> [Work to be completed]:
Copy out all lines bearing the word "exists" from the listing below.

> [Dataset excerpts]:
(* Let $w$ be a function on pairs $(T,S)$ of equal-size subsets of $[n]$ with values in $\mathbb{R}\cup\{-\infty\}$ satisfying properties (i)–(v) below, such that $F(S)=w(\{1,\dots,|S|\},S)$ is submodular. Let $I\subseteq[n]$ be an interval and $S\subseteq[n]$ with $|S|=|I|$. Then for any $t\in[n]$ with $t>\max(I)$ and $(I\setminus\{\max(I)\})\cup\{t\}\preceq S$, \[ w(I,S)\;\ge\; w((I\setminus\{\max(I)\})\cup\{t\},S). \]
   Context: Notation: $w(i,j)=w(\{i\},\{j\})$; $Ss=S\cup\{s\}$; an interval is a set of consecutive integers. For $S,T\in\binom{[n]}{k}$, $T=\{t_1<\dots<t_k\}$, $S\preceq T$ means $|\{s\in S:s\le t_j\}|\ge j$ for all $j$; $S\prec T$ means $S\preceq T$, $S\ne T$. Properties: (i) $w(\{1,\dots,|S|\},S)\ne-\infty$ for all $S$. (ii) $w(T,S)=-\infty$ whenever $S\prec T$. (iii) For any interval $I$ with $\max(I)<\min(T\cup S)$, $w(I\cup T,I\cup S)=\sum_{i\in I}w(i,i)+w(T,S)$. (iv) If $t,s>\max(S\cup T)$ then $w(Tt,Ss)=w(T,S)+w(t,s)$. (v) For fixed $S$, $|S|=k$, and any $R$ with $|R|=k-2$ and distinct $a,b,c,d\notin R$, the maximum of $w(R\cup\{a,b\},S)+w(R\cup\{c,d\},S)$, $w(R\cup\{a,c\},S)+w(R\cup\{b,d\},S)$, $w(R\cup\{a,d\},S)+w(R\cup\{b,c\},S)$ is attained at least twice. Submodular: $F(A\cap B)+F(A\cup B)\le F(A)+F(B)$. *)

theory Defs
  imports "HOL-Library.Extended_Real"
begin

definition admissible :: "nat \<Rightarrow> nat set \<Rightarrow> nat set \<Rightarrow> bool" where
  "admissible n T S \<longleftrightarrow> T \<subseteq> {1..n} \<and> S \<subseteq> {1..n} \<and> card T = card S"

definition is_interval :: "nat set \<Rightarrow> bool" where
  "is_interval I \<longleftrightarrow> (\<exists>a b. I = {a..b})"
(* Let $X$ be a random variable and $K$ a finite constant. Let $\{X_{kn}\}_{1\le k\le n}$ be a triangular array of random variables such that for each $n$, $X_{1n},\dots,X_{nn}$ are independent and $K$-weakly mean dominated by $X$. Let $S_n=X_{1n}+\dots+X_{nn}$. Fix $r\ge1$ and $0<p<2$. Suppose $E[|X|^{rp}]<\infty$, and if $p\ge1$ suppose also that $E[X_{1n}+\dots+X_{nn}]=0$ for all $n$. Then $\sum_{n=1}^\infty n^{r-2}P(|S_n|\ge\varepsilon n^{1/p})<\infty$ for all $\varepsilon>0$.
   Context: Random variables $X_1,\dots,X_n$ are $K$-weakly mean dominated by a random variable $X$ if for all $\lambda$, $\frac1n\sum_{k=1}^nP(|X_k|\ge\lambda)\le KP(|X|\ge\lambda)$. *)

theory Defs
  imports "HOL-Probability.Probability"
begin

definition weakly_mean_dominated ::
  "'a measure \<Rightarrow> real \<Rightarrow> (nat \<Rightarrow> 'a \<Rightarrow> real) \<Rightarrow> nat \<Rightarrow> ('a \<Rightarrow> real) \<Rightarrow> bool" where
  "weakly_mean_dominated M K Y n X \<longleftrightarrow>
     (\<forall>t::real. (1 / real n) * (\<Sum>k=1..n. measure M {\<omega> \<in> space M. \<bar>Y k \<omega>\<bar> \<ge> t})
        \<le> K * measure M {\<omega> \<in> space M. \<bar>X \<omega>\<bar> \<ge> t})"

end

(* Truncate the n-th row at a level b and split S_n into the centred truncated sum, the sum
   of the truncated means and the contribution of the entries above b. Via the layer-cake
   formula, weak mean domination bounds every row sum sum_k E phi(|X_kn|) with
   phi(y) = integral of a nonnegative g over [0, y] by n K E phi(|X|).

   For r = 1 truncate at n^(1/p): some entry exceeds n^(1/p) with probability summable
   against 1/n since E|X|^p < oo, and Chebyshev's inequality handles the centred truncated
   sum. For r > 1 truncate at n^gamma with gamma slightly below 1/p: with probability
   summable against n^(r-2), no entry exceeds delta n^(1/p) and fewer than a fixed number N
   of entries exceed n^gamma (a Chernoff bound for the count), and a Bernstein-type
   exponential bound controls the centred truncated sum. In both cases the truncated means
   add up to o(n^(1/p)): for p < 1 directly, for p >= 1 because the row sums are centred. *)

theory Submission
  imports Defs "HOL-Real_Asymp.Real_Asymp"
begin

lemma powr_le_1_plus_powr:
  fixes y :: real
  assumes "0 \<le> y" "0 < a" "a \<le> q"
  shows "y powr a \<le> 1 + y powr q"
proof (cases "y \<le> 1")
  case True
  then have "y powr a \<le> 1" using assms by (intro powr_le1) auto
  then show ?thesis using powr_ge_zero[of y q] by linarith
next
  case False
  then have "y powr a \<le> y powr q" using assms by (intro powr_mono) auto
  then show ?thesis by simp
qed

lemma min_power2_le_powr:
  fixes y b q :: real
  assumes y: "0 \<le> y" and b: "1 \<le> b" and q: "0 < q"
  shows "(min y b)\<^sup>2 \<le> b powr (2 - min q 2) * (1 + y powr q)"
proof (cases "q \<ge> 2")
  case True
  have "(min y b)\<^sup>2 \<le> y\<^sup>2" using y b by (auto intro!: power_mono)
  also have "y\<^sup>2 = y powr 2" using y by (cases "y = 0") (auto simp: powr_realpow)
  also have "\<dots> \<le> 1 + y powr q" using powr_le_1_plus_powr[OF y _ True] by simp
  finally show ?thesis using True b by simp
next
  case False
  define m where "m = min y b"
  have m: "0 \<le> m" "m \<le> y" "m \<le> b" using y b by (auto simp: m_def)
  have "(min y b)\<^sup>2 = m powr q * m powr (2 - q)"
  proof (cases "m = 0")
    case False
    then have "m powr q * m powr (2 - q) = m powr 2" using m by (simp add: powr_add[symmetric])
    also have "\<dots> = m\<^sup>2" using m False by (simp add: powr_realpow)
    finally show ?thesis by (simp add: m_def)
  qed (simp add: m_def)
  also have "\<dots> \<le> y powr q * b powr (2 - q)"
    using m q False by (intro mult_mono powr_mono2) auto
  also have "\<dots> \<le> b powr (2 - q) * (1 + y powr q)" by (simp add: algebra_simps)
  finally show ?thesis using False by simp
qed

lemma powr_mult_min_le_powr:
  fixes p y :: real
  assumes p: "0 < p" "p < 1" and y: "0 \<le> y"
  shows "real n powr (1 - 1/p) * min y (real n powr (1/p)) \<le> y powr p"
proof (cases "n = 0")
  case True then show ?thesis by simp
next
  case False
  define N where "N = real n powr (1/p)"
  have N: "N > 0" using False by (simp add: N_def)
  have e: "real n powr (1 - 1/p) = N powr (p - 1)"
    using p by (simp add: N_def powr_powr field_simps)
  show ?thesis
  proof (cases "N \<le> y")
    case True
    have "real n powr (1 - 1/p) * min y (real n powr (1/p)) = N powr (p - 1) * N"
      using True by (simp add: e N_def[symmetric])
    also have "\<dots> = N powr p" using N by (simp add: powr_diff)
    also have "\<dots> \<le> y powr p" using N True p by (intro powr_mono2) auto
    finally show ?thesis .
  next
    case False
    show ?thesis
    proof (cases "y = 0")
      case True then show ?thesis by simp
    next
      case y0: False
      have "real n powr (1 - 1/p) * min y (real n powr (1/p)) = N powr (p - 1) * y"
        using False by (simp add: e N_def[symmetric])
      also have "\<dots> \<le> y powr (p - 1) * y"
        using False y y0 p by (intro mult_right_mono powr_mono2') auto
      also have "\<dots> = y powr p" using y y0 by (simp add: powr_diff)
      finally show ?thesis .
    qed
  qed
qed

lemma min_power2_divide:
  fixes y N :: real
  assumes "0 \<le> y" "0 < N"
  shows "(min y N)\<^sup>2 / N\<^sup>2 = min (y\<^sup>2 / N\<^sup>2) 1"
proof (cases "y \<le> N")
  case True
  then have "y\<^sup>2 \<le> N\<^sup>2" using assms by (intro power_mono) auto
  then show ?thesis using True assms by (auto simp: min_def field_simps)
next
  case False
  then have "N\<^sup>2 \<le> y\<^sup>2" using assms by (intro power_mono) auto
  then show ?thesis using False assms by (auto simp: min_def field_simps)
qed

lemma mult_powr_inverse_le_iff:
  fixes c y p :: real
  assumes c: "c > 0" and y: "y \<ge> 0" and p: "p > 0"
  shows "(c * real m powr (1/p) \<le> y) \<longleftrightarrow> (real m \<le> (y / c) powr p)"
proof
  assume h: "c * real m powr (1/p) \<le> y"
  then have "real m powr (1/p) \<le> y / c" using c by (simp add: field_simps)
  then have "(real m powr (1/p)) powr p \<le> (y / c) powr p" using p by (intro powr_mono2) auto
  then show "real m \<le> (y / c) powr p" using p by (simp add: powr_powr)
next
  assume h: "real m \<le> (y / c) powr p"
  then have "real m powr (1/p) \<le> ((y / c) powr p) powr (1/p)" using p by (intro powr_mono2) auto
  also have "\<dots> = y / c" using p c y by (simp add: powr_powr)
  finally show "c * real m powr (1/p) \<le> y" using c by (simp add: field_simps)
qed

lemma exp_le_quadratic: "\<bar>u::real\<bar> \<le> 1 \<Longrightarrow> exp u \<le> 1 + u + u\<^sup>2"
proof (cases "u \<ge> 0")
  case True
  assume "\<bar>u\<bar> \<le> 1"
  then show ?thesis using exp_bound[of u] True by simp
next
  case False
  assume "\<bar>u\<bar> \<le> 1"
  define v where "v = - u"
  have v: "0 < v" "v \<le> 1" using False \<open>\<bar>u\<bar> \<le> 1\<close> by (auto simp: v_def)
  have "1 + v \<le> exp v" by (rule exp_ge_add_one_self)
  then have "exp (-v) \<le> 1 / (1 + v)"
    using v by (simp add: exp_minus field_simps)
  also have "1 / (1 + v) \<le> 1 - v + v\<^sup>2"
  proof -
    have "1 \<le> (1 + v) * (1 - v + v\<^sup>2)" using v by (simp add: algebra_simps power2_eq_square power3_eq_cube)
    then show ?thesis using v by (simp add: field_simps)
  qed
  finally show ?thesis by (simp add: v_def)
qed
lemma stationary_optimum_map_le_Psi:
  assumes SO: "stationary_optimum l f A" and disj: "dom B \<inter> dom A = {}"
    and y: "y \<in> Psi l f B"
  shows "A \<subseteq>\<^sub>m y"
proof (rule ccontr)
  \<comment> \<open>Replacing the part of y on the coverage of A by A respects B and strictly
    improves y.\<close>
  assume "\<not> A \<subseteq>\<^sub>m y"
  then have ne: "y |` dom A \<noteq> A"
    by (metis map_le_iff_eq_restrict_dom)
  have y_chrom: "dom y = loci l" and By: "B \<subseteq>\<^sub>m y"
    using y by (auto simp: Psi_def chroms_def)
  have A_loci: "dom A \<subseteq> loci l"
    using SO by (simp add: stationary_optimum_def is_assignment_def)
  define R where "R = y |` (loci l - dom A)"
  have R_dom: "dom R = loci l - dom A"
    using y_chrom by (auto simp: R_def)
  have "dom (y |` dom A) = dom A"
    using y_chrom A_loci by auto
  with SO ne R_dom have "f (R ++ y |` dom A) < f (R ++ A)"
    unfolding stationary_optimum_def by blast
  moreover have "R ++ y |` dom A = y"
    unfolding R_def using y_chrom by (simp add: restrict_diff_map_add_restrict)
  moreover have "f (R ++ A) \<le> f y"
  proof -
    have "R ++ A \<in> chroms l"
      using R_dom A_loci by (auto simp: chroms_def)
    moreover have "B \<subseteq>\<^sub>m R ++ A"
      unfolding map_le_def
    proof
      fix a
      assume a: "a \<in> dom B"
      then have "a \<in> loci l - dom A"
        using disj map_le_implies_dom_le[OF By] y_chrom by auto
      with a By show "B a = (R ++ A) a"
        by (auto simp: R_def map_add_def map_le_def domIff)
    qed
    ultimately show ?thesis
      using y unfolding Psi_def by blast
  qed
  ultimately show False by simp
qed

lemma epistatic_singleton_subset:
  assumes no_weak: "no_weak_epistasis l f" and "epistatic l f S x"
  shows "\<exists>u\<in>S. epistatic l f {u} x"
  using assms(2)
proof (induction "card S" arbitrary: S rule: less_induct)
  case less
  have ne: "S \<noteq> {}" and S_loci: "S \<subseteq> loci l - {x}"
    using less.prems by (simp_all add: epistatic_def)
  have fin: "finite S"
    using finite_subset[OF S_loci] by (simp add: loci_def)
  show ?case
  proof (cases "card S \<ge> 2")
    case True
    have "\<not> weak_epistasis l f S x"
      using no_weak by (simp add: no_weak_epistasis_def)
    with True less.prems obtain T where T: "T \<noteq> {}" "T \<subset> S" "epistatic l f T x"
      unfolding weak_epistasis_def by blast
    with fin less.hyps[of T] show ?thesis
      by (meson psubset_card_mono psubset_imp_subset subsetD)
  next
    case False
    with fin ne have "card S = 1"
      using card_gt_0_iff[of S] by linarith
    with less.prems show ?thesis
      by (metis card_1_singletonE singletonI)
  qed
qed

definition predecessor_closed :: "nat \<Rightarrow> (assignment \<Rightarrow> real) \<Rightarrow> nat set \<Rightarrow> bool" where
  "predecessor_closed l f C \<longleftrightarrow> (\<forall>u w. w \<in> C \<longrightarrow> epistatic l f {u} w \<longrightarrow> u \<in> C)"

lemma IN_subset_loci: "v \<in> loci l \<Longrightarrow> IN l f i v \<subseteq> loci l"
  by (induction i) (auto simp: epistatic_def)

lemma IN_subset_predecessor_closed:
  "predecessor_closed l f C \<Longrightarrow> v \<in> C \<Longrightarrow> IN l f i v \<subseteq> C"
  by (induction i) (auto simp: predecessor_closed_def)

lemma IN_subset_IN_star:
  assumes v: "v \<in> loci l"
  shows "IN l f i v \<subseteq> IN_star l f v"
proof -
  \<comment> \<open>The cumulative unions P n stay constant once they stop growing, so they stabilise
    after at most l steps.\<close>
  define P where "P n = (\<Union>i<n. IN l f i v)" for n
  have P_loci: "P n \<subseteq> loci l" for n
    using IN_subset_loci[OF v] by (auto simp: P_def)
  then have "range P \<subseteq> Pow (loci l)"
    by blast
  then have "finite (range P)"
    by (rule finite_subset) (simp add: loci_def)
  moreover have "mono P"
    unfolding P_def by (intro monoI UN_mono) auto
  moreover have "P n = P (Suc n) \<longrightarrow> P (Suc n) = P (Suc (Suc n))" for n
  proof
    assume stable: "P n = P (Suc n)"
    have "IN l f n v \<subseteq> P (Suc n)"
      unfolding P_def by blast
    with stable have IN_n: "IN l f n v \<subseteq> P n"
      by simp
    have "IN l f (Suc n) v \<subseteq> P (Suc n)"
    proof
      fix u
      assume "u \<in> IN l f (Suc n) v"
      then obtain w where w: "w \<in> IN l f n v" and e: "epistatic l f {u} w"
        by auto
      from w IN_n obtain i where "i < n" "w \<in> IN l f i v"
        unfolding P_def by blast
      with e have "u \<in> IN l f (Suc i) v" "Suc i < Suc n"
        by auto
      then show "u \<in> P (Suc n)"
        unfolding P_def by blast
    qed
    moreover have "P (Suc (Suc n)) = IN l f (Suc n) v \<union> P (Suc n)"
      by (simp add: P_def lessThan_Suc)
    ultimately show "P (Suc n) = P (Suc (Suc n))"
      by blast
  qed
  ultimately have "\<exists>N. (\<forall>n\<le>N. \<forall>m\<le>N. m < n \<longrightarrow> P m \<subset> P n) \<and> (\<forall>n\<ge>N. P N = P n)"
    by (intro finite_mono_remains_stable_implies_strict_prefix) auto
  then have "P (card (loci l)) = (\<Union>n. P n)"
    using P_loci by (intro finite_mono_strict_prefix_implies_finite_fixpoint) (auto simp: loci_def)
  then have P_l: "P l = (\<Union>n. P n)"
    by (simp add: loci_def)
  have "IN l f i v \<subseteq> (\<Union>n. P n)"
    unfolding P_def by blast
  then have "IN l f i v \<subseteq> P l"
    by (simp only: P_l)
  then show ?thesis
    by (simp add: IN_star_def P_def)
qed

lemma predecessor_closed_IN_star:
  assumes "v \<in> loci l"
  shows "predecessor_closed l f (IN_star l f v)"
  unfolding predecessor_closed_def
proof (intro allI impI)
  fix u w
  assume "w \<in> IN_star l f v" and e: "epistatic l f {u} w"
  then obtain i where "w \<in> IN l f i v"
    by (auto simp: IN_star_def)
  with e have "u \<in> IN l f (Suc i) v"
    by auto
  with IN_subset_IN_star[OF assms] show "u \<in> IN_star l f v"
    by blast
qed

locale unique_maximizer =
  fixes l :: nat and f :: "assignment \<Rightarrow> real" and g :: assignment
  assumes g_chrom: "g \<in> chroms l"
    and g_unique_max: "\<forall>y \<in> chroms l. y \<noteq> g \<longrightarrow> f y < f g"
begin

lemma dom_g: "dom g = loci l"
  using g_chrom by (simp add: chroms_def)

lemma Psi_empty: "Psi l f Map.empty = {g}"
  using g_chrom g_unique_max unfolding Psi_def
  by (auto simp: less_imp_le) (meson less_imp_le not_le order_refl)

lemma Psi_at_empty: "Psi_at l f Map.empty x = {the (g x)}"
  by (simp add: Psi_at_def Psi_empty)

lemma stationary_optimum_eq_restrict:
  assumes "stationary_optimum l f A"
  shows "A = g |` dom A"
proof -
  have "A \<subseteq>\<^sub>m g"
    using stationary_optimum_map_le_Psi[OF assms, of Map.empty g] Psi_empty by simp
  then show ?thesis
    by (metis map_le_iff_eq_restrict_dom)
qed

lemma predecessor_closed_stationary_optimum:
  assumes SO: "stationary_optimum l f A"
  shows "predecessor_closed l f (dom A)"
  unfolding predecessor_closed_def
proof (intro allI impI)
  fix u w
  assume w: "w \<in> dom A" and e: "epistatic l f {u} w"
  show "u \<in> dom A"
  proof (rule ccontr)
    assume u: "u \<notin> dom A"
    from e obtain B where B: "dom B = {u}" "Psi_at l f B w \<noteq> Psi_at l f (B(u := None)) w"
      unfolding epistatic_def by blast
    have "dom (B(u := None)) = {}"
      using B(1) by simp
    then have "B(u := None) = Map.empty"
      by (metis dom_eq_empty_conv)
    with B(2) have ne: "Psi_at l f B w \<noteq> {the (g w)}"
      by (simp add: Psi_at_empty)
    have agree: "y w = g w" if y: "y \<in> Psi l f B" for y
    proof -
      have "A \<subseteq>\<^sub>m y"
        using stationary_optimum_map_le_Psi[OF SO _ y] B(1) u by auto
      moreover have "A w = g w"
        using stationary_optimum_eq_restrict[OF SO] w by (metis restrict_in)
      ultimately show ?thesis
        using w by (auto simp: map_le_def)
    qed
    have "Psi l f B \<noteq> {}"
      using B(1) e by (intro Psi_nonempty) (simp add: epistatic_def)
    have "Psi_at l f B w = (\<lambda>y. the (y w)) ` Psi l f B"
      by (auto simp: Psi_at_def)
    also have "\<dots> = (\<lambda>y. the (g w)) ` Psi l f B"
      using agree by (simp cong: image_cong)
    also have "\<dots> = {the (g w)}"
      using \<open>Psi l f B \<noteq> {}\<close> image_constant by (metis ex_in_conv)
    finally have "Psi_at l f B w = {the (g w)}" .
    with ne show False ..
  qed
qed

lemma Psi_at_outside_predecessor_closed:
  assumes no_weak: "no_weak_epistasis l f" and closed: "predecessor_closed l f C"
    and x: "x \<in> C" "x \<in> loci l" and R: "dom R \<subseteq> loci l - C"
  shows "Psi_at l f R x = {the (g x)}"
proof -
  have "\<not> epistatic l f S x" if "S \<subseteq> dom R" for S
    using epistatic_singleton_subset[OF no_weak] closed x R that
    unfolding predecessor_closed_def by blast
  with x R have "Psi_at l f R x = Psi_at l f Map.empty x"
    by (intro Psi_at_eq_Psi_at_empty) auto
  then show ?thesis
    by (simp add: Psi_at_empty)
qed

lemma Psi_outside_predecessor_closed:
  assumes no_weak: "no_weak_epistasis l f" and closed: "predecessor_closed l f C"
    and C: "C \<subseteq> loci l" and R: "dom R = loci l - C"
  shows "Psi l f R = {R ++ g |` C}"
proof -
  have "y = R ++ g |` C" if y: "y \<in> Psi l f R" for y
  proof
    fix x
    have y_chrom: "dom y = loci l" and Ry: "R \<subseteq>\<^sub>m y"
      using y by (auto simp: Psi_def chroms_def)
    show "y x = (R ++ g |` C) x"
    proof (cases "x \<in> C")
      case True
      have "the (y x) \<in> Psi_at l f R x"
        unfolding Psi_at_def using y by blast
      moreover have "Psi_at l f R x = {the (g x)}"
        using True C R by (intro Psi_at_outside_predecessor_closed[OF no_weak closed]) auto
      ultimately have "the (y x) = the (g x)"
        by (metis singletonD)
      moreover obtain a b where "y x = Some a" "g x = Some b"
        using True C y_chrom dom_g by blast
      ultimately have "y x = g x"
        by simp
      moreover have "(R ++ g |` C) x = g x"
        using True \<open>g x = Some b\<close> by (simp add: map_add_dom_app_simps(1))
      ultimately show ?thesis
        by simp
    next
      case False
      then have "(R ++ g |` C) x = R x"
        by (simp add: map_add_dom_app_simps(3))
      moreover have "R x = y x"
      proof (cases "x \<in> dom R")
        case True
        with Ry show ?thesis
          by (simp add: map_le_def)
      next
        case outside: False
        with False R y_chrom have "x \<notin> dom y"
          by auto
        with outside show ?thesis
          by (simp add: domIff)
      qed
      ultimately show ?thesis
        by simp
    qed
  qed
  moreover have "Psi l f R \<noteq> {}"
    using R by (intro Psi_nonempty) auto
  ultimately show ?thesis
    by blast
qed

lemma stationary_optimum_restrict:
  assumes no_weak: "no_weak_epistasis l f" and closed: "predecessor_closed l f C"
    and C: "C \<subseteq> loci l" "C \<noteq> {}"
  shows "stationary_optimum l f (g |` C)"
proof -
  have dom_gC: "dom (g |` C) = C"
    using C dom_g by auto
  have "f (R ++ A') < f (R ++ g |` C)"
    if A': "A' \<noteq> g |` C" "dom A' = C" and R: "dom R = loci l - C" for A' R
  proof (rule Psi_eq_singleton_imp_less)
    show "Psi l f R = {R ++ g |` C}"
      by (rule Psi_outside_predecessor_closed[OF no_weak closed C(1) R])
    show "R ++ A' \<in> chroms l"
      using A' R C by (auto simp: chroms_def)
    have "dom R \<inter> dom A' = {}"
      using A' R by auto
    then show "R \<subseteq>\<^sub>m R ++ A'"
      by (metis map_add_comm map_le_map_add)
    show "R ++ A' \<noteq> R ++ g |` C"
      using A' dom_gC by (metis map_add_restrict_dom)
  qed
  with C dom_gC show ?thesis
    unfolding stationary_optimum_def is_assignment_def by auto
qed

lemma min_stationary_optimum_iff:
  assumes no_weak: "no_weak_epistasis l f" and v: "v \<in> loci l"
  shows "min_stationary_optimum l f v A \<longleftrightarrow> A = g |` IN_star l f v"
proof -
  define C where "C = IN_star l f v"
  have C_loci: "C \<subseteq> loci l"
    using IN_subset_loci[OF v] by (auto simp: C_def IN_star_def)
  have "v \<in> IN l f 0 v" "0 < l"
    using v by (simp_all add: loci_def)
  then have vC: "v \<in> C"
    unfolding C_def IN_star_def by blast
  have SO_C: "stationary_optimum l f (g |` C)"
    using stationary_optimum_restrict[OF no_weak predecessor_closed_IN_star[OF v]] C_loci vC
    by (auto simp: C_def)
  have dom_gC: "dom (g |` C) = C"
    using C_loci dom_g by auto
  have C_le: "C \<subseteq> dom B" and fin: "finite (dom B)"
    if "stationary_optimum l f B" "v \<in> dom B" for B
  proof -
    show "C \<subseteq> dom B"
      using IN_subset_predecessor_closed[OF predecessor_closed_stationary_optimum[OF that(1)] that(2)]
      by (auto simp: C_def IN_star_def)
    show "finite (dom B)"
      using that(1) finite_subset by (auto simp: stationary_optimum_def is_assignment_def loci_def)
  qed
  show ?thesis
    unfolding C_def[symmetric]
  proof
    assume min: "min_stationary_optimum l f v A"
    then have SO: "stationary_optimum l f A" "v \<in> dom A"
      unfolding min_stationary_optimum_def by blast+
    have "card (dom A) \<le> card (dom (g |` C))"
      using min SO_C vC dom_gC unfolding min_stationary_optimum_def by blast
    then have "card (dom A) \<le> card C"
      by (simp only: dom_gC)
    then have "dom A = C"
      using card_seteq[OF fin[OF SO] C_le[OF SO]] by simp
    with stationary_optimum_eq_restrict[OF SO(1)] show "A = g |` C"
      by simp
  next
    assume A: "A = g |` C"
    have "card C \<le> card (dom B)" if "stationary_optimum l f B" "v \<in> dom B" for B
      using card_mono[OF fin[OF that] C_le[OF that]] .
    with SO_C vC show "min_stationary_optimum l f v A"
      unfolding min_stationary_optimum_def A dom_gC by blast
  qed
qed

> [Response box]:
  "is_interval I \<longleftrightarrow> (\<exists>a b. I = {a..b})"
  shows "\<exists>u\<in>S. epistatic l f {u} x"
  ultimately have "\<exists>N. (\<forall>n\<le>N. \<forall>m\<le>N. m < n \<longrightarrow> P m \<subset> P n) \<and> (\<forall>n\<ge>N. P N = P n)"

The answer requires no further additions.